TASK BRIEF: When a line in the data below includes "rule", count it; then give only the total.

____ DATA FOR THE TASK

lemma mgf_diff_quotient_tendsto_at_top:
  assumes "\<not> integrable M Y"
  shows "filterlim (\<lambda>t. (mgf M Y t - 1) / t) at_top (at 0 within {..0})"
  unfolding filterlim_at_top
proof
  fix Z :: real
  obtain n where n: "2 * \<bar>Z\<bar> < (\<integral>x. min (Y x) (real n) \<partial>M)"
    using integral_min_unbounded[OF assms] by blast
  have "((\<lambda>t. exp (t * real n)) \<longlongrightarrow> exp (0 * real n)) (at 0 within {..0})"
    by (intro tendsto_intros)
  then have "\<forall>\<^sub>F t in at 0 within {..0}. 1 / 2 < exp (t * real n)"
    by (rule order_tendstoD(1)) simp
  moreover have "\<forall>\<^sub>F t in at (0::real) within {..0}. t < 0"
    unfolding eventually_at_filter by (intro always_eventually) auto
  ultimately show "\<forall>\<^sub>F t in at 0 within {..0}. Z \<le> (mgf M Y t - 1) / t"
  proof eventually_elim
    case (elim t)
    have "Z \<le> 2 * \<bar>Z\<bar> * (1 / 2)"
      by simp
    also have "\<dots> \<le> (\<integral>x. min (Y x) (real n) \<partial>M) * exp (t * real n)"
      using n elim(1) by (intro mult_mono) auto
    also have "\<dots> = (\<integral>x. min (Y x) (real n) * exp (t * real n) \<partial>M)"
      by simp
    also have "\<dots> \<le> (\<integral>x. (exp (t * Y x) - 1) / t \<partial>M)"
    proof (rule integral_mono)
      show "integrable M (\<lambda>x. min (Y x) (real n) * exp (t * real n))"
        by (simp add: integrable_min_const)
      show "integrable M (\<lambda>x. (exp (t * Y x) - 1) / t)"
        using integrable_exp_nonpos[of t] elim(2) by simp
      fix x assume "x \<in> space M"
      show "min (Y x) (real n) * exp (t * real n) \<le> (exp (t * Y x) - 1) / t"
        using Y_pos[OF \<open>x \<in> space M\<close>] elim(2) by (intro min_mult_exp_le_exp_diff_quotient) auto
    qed
    also have "\<dots> = (mgf M Y t - 1) / t"
      using integrable_exp_nonpos[of t] elim(2) by (simp add: mgf_def prob_space)
    finally show ?case .
  qed
qed

text \<open>If \<open>Y x * exp (t0 * Y x)\<close> is not integrable then \<open>t0 = 0\<close>, the slope at \<open>0\<close> is infinite, and the
  junk value \<open>inverse 0 = 0\<close> is the correct limit.\<close>
lemma tendsto_inverse_diff_quotient_mgf:
  assumes "t0 \<le> 0"
  shows "((\<lambda>t. (t - t0) / (mgf M Y t - mgf M Y t0)) \<longlongrightarrow> inverse (\<integral>x. Y x * exp (t0 * Y x) \<partial>M))
    (at t0 within {..0})"
proof (cases "integrable M (\<lambda>x. Y x * exp (t0 * Y x))")
  case True
  have "0 < (\<integral>x. Y x * exp (t0 * Y x) \<partial>M)"
    using integral_less_AE_space[of "\<lambda>_. 0"] True by (simp add: Y_pos emeasure_space_1)
  moreover have "((\<lambda>t. (mgf M Y t - mgf M Y t0) / (t - t0)) \<longlongrightarrow> (\<integral>x. Y x * exp (t0 * Y x) \<partial>M))
      (at t0 within {..0})"
    using mgf_has_real_derivative_within_domain[OF integrable_exp_nonpos[OF assms] True, of "{..0}"]
    by (simp add: has_field_derivative_iff integrable_exp_nonpos)
  ultimately show ?thesis
    using tendsto_inverse[of "\<lambda>t. (mgf M Y t - mgf M Y t0) / (t - t0)"] by simp
next
  case False
  then have "t0 = 0"
    using integrable_mult_exp_less[OF integrable_exp_nonpos[of 0], of t0] assms by force
  with False have "\<not> integrable M Y"
    by simp
  from tendsto_inverse_0_at_top[OF mgf_diff_quotient_tendsto_at_top[OF this]]
  show ?thesis
    using False \<open>t0 = 0\<close> by (simp add: not_integrable_integral_eq)
qed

________

ANSWER SECTION: 2